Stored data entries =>
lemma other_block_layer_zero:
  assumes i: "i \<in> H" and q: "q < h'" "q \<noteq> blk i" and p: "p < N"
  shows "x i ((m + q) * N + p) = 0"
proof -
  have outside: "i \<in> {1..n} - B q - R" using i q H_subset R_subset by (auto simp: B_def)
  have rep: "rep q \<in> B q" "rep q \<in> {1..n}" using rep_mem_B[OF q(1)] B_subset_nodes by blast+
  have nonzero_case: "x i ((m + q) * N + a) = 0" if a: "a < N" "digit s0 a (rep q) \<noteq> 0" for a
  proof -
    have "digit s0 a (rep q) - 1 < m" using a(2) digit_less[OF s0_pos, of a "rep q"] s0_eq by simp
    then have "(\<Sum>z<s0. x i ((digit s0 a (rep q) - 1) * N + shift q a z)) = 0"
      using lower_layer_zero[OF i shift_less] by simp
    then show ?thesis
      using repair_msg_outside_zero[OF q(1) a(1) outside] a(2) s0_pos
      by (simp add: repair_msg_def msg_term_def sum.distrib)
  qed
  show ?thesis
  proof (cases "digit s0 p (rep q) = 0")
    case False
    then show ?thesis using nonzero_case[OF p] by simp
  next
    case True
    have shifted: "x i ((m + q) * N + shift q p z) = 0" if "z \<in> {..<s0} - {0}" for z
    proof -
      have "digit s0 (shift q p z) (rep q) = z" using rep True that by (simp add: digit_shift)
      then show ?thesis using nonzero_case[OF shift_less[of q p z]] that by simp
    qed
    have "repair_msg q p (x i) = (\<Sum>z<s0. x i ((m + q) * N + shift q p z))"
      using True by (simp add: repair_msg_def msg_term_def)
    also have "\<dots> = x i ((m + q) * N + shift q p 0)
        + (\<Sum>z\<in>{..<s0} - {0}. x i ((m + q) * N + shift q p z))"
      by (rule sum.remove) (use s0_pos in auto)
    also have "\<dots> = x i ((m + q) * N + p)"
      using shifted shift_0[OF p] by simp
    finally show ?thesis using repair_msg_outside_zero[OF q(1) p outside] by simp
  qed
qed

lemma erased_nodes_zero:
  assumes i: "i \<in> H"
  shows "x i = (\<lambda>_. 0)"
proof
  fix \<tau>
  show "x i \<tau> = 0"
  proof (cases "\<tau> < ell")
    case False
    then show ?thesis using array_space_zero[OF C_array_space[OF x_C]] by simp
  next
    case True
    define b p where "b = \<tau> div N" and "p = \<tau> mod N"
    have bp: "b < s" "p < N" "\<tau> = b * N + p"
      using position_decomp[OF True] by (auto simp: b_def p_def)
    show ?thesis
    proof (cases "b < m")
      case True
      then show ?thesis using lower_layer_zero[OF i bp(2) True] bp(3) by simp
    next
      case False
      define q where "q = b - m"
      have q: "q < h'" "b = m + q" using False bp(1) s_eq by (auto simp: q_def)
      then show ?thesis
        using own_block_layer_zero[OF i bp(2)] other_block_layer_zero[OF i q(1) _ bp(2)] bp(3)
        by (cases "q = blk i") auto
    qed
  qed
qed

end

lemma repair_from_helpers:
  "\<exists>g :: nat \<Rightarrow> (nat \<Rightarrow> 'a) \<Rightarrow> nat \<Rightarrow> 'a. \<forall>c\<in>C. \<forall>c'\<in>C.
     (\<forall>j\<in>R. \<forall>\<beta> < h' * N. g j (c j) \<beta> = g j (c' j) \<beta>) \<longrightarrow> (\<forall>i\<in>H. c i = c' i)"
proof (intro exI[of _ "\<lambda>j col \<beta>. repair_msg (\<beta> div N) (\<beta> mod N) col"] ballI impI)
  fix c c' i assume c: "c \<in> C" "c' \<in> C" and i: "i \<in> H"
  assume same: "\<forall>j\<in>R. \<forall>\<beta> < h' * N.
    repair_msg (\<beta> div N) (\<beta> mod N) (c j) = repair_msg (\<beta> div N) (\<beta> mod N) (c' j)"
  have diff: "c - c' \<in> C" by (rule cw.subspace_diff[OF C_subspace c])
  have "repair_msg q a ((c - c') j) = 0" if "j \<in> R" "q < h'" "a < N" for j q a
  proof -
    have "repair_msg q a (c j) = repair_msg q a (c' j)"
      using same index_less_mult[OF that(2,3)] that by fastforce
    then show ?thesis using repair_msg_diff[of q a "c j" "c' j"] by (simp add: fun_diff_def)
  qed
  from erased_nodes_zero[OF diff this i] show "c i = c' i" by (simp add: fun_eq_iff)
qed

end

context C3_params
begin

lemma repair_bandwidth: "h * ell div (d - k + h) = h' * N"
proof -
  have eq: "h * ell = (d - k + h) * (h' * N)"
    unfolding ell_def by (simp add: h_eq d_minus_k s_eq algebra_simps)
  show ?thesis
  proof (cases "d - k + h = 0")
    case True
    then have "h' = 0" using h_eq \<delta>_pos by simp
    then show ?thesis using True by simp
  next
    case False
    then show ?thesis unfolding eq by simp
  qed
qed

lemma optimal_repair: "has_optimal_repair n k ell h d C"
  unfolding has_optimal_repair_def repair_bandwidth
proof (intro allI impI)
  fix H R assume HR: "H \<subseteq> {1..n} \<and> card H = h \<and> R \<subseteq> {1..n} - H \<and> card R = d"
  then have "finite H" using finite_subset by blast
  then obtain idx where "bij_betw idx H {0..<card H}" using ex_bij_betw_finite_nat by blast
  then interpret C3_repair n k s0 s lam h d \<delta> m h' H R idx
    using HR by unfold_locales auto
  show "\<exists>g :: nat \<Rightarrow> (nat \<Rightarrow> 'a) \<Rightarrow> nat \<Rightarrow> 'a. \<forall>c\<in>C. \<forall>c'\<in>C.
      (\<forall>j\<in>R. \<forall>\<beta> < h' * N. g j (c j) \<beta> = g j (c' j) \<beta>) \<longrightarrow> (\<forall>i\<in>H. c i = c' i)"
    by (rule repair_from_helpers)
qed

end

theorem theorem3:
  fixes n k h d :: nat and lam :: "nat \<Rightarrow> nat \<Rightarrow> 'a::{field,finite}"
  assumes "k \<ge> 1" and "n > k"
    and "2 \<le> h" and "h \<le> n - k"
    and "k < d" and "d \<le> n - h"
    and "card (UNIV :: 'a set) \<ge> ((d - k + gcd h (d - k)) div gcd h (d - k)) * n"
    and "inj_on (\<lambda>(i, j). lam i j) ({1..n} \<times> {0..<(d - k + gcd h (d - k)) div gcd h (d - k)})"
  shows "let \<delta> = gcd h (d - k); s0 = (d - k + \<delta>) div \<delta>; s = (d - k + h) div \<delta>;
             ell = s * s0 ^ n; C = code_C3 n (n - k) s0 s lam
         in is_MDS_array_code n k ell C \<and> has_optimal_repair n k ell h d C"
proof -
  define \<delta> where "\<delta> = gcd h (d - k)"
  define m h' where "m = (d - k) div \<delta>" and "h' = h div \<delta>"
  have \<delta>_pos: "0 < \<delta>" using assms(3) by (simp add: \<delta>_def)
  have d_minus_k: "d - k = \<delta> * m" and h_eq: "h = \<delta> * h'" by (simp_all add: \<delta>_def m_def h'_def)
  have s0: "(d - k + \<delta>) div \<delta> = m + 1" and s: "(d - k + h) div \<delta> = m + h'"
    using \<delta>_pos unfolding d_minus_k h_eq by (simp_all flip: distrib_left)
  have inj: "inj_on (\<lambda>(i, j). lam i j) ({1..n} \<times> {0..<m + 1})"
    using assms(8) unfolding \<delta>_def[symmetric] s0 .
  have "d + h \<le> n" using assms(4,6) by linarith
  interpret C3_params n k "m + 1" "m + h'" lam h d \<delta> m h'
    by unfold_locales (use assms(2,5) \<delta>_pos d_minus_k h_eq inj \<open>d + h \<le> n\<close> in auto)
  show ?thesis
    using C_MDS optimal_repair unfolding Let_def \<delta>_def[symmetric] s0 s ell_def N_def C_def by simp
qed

...

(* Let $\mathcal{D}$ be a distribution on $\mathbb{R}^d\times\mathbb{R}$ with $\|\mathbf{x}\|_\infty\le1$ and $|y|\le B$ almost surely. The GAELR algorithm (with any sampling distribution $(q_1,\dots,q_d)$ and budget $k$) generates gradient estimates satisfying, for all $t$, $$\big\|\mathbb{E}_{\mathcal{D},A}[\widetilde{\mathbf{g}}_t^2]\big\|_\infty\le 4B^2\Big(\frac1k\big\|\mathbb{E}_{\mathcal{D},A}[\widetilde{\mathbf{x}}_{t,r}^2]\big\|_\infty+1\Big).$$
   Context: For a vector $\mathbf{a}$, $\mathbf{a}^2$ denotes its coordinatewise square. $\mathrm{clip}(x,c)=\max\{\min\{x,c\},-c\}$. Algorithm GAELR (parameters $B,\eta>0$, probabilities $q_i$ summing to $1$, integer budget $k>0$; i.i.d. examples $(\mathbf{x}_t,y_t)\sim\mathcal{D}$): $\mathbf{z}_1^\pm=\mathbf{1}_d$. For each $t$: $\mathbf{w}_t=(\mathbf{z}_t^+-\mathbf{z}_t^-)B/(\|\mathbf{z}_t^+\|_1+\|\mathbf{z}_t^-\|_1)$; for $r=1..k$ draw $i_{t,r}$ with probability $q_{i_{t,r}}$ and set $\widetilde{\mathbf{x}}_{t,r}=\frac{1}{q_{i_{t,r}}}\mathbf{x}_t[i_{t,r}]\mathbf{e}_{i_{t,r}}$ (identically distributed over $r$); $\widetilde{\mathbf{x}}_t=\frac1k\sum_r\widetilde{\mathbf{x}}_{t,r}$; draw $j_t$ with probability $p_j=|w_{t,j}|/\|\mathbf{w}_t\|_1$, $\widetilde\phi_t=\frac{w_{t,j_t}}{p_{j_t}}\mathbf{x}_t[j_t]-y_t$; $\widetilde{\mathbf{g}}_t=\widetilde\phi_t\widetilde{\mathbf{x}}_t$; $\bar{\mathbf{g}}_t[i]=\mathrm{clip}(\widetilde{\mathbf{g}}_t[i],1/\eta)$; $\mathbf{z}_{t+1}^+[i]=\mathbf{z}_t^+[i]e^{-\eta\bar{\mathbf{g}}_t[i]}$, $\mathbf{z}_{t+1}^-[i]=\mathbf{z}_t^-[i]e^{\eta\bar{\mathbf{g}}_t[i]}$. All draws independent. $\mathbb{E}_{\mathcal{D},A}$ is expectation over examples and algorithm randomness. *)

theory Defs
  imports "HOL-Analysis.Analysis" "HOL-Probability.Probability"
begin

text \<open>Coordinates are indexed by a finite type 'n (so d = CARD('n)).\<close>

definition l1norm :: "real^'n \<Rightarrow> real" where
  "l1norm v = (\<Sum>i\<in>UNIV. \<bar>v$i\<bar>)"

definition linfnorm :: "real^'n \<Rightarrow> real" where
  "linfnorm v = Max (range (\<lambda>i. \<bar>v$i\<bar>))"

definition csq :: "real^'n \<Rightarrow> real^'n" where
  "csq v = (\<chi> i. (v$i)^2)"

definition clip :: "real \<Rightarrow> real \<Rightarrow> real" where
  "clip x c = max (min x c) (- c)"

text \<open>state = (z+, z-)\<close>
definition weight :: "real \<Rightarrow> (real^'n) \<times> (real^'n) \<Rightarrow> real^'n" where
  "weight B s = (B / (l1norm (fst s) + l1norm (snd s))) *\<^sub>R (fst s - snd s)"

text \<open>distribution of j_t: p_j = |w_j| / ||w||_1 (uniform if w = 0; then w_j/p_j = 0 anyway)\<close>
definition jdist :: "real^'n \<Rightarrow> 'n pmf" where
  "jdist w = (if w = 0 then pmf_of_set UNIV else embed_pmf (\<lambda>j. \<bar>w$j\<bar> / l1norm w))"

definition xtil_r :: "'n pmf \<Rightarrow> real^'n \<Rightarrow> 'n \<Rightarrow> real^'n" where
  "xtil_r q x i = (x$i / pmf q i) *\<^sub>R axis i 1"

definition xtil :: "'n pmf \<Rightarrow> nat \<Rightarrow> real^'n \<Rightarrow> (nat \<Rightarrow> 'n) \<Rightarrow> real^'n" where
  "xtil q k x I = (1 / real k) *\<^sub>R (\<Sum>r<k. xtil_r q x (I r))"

--

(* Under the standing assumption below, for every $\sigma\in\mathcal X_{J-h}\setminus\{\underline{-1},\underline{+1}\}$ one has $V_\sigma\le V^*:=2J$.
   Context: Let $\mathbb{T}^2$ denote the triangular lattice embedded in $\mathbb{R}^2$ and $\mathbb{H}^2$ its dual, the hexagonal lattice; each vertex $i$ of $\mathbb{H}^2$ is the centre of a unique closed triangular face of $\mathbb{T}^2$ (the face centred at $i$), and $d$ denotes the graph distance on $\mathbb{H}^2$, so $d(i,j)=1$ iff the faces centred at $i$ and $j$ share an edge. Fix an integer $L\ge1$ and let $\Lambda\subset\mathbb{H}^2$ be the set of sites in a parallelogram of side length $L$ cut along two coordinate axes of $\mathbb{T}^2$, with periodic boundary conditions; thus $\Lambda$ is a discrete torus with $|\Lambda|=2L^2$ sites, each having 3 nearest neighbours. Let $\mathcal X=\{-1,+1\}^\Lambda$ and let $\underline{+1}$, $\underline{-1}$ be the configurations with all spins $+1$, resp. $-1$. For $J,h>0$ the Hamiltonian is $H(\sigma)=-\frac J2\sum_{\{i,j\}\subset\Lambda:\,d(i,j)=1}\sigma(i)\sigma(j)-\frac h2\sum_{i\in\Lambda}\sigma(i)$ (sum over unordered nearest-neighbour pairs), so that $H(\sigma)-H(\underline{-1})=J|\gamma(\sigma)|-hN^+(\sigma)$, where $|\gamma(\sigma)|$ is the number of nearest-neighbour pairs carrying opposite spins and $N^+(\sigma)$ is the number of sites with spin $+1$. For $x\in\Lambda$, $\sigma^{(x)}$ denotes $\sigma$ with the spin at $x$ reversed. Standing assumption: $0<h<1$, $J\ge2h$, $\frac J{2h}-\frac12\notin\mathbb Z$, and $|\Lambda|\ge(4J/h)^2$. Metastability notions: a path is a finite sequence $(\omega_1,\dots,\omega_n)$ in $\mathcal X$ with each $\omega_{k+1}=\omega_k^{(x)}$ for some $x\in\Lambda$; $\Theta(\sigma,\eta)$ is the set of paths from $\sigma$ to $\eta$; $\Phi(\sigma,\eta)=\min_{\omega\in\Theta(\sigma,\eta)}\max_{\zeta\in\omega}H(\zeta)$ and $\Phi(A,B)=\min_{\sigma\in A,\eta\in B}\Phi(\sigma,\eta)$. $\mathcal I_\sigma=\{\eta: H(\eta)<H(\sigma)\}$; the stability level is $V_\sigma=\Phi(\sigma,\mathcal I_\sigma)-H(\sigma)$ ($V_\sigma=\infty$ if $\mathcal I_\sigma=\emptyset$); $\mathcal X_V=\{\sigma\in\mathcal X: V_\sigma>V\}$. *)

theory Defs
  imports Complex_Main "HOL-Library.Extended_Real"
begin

Brief => Please give an exact copy of the lines above, beginning with the line containing "text \<open>distribution of" and running through the line containing "q i) *\<^sub>R", and of no other lines.

Response to the task =>
text \<open>distribution of j_t: p_j = |w_j| / ||w||_1 (uniform if w = 0; then w_j/p_j = 0 anyway)\<close>
definition jdist :: "real^'n \<Rightarrow> 'n pmf" where
  "jdist w = (if w = 0 then pmf_of_set UNIV else embed_pmf (\<lambda>j. \<bar>w$j\<bar> / l1norm w))"

definition xtil_r :: "'n pmf \<Rightarrow> real^'n \<Rightarrow> 'n \<Rightarrow> real^'n" where
  "xtil_r q x i = (x$i / pmf q i) *\<^sub>R axis i 1"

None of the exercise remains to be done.